# RCT Benchmark: t-test vs Linear Regression vs DML ATE

In [1]:
import numpy as np
import pandas as pd

from causalkit.data.generators import generate_rct
from causalkit.data.causaldata import CausalData
from causalkit.inference.atte.ttest import ttest
from causalkit.inference.ate.dml_ate_source import dml_ate_source

np.random.seed(42)


## Generate RCT data
We'll generate a balanced (50/50) RCT with a continuous outcome where the treated group's mean exceeds control by 0.5 units.


In [2]:
# Generate clean RCT without legacy ancillary columns
n = 10000
theta = 0.5

df = generate_rct(
    n=n,
    split=0.5,
    random_state=42,
    target_type="normal",
    target_params={"mean": {"A": 0.0, "B": theta}, "std": 1.0},
    k=5,                  # 5 pre-treatment covariates X independent of T
    add_ancillary=False   # <- no legacy/post-treatment columns
)

# Use only baseline X columns as confounders
confounders = [c for c in df.columns if c.startswith("x")]

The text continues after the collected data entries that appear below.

(* Let $\mathcal{N}$ be a nested set on a connected graph $\Gamma$ such that the full vertex set of $\Gamma$ is not an element of $\mathcal{N}$. Then there is a vertex $x$ of $\Gamma$ which is not contained in any element of $\mathcal{N}$.
   Context: A nested set on a finite simple graph $\Gamma$ is a collection $\mathcal{N}$ of subsets of the vertex set such that (N1) each $J\in\mathcal{N}$ induces a connected subgraph of $\Gamma$; (N2) for any $I,J\in\mathcal{N}$, either $I\subseteq J$, $J\subseteq I$, or $I\cap J=\emptyset$; (N3) for any $k\geq 2$ pairwise disjoint $J_1,\dots,J_k\in\mathcal{N}$, the induced subgraph on $J_1\cup\cdots\cup J_k$ is not connected. The graph $\Gamma$ itself is identified with its vertex set. *)

theory Defs
  imports Main
begin

definition simple_graph :: "'a set \<Rightarrow> ('a \<Rightarrow> 'a \<Rightarrow> bool) \<Rightarrow> bool" where
  "simple_graph V E \<longleftrightarrow> finite V \<and> (\<forall>x y. E x y \<longrightarrow> E y x) \<and> (\<forall>x. \<not> E x x)
     \<and> (\<forall>x y. E x y \<longrightarrow> x \<in> V \<and> y \<in> V)"

definition induced_connected :: "('a \<Rightarrow> 'a \<Rightarrow> bool) \<Rightarrow> 'a set \<Rightarrow> bool" where
  "induced_connected E S \<longleftrightarrow> S \<noteq> {} \<and>
     (\<forall>x\<in>S. \<forall>y\<in>S. (\<lambda>u v. u \<in> S \<and> v \<in> S \<and> E u v)\<^sup>*\<^sup>* x y)"

definition nested_set :: "'a set \<Rightarrow> ('a \<Rightarrow> 'a \<Rightarrow> bool) \<Rightarrow> 'a set set \<Rightarrow> bool" where
  "nested_set V E N \<longleftrightarrow>
     (\<forall>J\<in>N. J \<subseteq> V) \<and>
     (\<forall>J\<in>N. induced_connected E J) \<and>
     (\<forall>I\<in>N. \<forall>J\<in>N. I \<subseteq> J \<or> J \<subseteq> I \<or> I \<inter> J = {}) \<and>
     (\<forall>K. K \<subseteq> N \<longrightarrow> card K \<ge> 2 \<longrightarrow> finite K \<longrightarrow>
        (\<forall>I\<in>K. \<forall>J\<in>K. I \<noteq> J \<longrightarrow> I \<inter> J = {}) \<longrightarrow> \<not> induced_connected E (\<Union>K))"

end

theory Submission
  imports Defs
begin

text \<open>The maximal members of a finite laminar family are pairwise disjoint and have the same
  union as the family. In a nested set whose union is connected, condition (N3) therefore
  forbids two or more maximal members, so the union is itself a member. If every vertex of
  the connected graph were covered by \<open>\<N>\<close>, that union would be the whole vertex set.\<close>

definition laminar :: "'a set set \<Rightarrow> bool" where
  "laminar N \<longleftrightarrow> (\<forall>I\<in>N. \<forall>J\<in>N. I \<subseteq> J \<or> J \<subseteq> I \<or> I \<inter> J = {})"

definition maximal_members :: "'a set set \<Rightarrow> 'a set set" where
  "maximal_members N = {J\<in>N. \<forall>I\<in>N. J \<subseteq> I \<longrightarrow> I = J}"

lemma maximal_members_subset: "maximal_members N \<subseteq> N"
  unfolding maximal_members_def by blast

lemma laminar_maximal_members_disjoint:
  assumes "laminar N" and "I \<in> maximal_members N" and "J \<in> maximal_members N" and "I \<noteq> J"
  shows "I \<inter> J = {}"
proof -
  have "I \<in> N" "J \<in> N" and "I \<subseteq> J \<Longrightarrow> J = I" and "J \<subseteq> I \<Longrightarrow> I = J"
    using assms(2,3) unfolding maximal_members_def by auto
  then show ?thesis
    using assms(1,4) unfolding laminar_def by blast
qed

lemma Union_maximal_members:
  assumes "finite N"
  shows "\<Union>(maximal_members N) = \<Union>N"
proof
  show "\<Union>(maximal_members N) \<subseteq> \<Union>N"
    using maximal_members_subset by blast
  show "\<Union>N \<subseteq> \<Union>(maximal_members N)"
  proof
    fix x assume "x \<in> \<Union>N"
    then obtain J where "J \<in> N" "x \<in> J" by blast
    moreover obtain M where "M \<in> N" "J \<subseteq> M" "\<forall>I\<in>N. M \<subseteq> I \<longrightarrow> M = I"
      using finite_has_maximal2[OF assms \<open>J \<in> N\<close>] by blast
    ultimately show "x \<in> \<Union>(maximal_members N)"
      unfolding maximal_members_def by blast
  qed
qed

lemma nested_set_laminar: "nested_set V E N \<Longrightarrow> laminar N"
  unfolding nested_set_def laminar_def by blast

lemma nested_set_disjoint_Union_not_connected:
  assumes "nested_set V E N" and "K \<subseteq> N" and "finite K" and "card K \<ge> 2"
    and "\<forall>I\<in>K. \<forall>J\<in>K. I \<noteq> J \<longrightarrow> I \<inter> J = {}"
  shows "\<not> induced_connected E (\<Union>K)"
proof -
  have "\<forall>K. K \<subseteq> N \<longrightarrow> card K \<ge> 2 \<longrightarrow> finite K \<longrightarrow>
      (\<forall>I\<in>K. \<forall>J\<in>K. I \<noteq> J \<longrightarrow> I \<inter> J = {}) \<longrightarrow> \<not> induced_connected E (\<Union>K)"
    using assms(1) unfolding nested_set_def by (elim conjE)
  then show ?thesis
    using assms(2-5) by blast
qed

lemma nested_set_subset: "nested_set V E N \<Longrightarrow> J \<in> N \<Longrightarrow> J \<subseteq> V"
  unfolding nested_set_def by (elim conjE) blast

lemma nested_set_finite:
  assumes "finite V" and "nested_set V E N"
  shows "finite N"
proof -
  have "N \<subseteq> Pow V"
    using nested_set_subset[OF assms(2)] by blast
  then show ?thesis
    using assms(1) by (simp add: finite_subset)
qed

lemma nested_set_Union_mem:
  assumes "finite V" and "nested_set V E N" and "induced_connected E (\<Union>N)"
  shows "\<Union>N \<in> N"
proof -
  define K where "K = maximal_members N"
  have "finite N"
    using assms(1,2) by (rule nested_set_finite)
  then have union: "\<Union>K = \<Union>N"
    unfolding K_def by (rule Union_maximal_members)
  have "K \<subseteq> N"
    unfolding K_def by (rule maximal_members_subset)
  with \<open>finite N\<close> have "finite K"
    by (simp add: finite_subset)
  have disjoint: "\<forall>I\<in>K. \<forall>J\<in>K. I \<noteq> J \<longrightarrow> I \<inter> J = {}"
    unfolding K_def
    using laminar_maximal_members_disjoint[OF nested_set_laminar[OF assms(2)]] by blast
  have "\<not> card K \<ge> 2"
    using nested_set_disjoint_Union_not_connected[OF assms(2) \<open>K \<subseteq> N\<close> \<open>finite K\<close> _ disjoint]
      assms(3) union by auto
  moreover have "K \<noteq> {}"
    using assms(3) union unfolding induced_connected_def by auto
  ultimately have "card K = 1"
    using \<open>finite K\<close> card_gt_0_iff[of K] by linarith
  then obtain M where "K = {M}"
    by (rule card_1_singletonE)
  then show ?thesis
    using union \<open>K \<subseteq> N\<close> by auto
qed

theorem lemma5p5:
  fixes V :: "'a set" and E :: "'a \<Rightarrow> 'a \<Rightarrow> bool" and N :: "'a set set"
  assumes "simple_graph V E"
    and "induced_connected E V"
    and "nested_set V E N"
    and "V \<notin> N"
  shows "\<exists>x\<in>V. \<forall>J\<in>N. x \<notin> J"
proof (rule ccontr)
  assume "\<not> ?thesis"
  moreover have "\<Union>N \<subseteq> V"
    using nested_set_subset[OF assms(3)] by blast
  ultimately have union: "\<Union>N = V"
    by blast
  have "finite V"
    using assms(1) unfolding simple_graph_def by blast
  then have "V \<in> N"
    using nested_set_Union_mem[OF _ assms(3)] assms(2) unfolding union by blast
  with assms(4) show False ..
qed

end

# Wrap in CausalData with new column names
causal_data = CausalData(
    df=df,
    treatment='t',
    outcome='y',
    confounders=confounders
)

In [3]:
causal_data.df.head(100)

Unnamed: 0,y,t,x1,x2,x3,x4,x5
0,1.242044,1.0,0.304717,-1.039984,0.750451,0.940565,-1.951035
1,0.983041,0.0,-1.302180,0.127840,-0.316243,-0.016801,-0.853044
2,1.886970,1.0,0.879398,0.777792,0.066031,1.127241,0.467509
3,1.473005,1.0,-0.859292,0.368751,-0.958883,0.878450,-0.049926
4,-0.383807,1.0,-0.184862,-0.680930,1.222541,-0.154529,-0.428328
...,...,...,...,...,...,...,...
95,0.436576,1.0,-0.339258,1.063852,-1.141938,0.006339,2.597674
96,-0.826800,0.0,0.223080,1.433215,0.091520,0.580777,-0.056783
97,1.375048,1.0,-0.170408,-0.779482,0.430301,-0.851537,0.665585
98,1.878698,0.0,1.085287,0.366531,-0.286249,0.453966,-0.308673


## Wrap in CausalData
We provide a few covariates as confounders for DML (although the data is truly randomized).


In [4]:
from causalkit.eda import CausalEDA
eda = CausalEDA(causal_data)

In [5]:
# 1) Outcome statistics by treatment
eda.outcome_stats()

Unnamed: 0_level_0,count,mean,std,min,p10,p25,median,p75,p90,max
treatment,Unnamed: 1_level_1,Unnamed: 2_level_1,Unnamed: 3_level_1,Unnamed: 4_level_1,Unnamed: 5_level_1,Unnamed: 6_level_1,Unnamed: 7_level_1,Unnamed: 8_level_1,Unnamed: 9_level_1,Unnamed: 10_level_1
0.0,4984,0.001936,0.994248,-3.888142,-1.27391,-0.670266,-0.017448,0.665774,1.269994,3.890842
1.0,5016,0.467173,1.010009,-2.941354,-0.82884,-0.193604,0.464554,1.146434,1.750687,4.528347


In [6]:
# Shows means of confounders for control/treated groups, absolute differences, and SMD values
confounders_balance_df = eda.confounders_means()
display(confounders_balance_df)

Unnamed: 0_level_0,mean_t_0,mean_t_1,abs_diff,smd
confounders,Unnamed: 1_level_1,Unnamed: 2_level_1,Unnamed: 3_level_1,Unnamed: 4_level_1
x1,0.000371,-0.031262,0.031633,-0.031594
x3,0.023309,-0.000897,0.024206,-0.024414
x2,0.010625,-0.007365,0.01799,-0.017972
x5,0.005163,-0.00405,0.009214,-0.009177
x4,-0.001071,0.000134,0.001205,0.001187


## 1) t-test (difference in means)


In [7]:
tt_res = ttest(causal_data, confidence_level=0.95)
tt_res


{'p_value': 3.9956686710790904e-116,
 'absolute_difference': 0.4652369511509771,
 'absolute_ci': (0.4259470794208948, 0.5045268228810593),
 'relative_difference': 24026.959435932917,
 'relative_ci': (21997.851146132984, 26056.06772573285)}

## 2) Linear regression
The coefficient on treatment equals the difference in group means in an RCT.


In [8]:
# Python
import numpy as np
import statsmodels.api as sm

# Outcome
y = causal_data.target.to_numpy()

# Base X (no centering)
X_base = causal_data.df[confounders].to_numpy()
xbar = X_base.mean(axis=0)  # means of confounders, shape (p,)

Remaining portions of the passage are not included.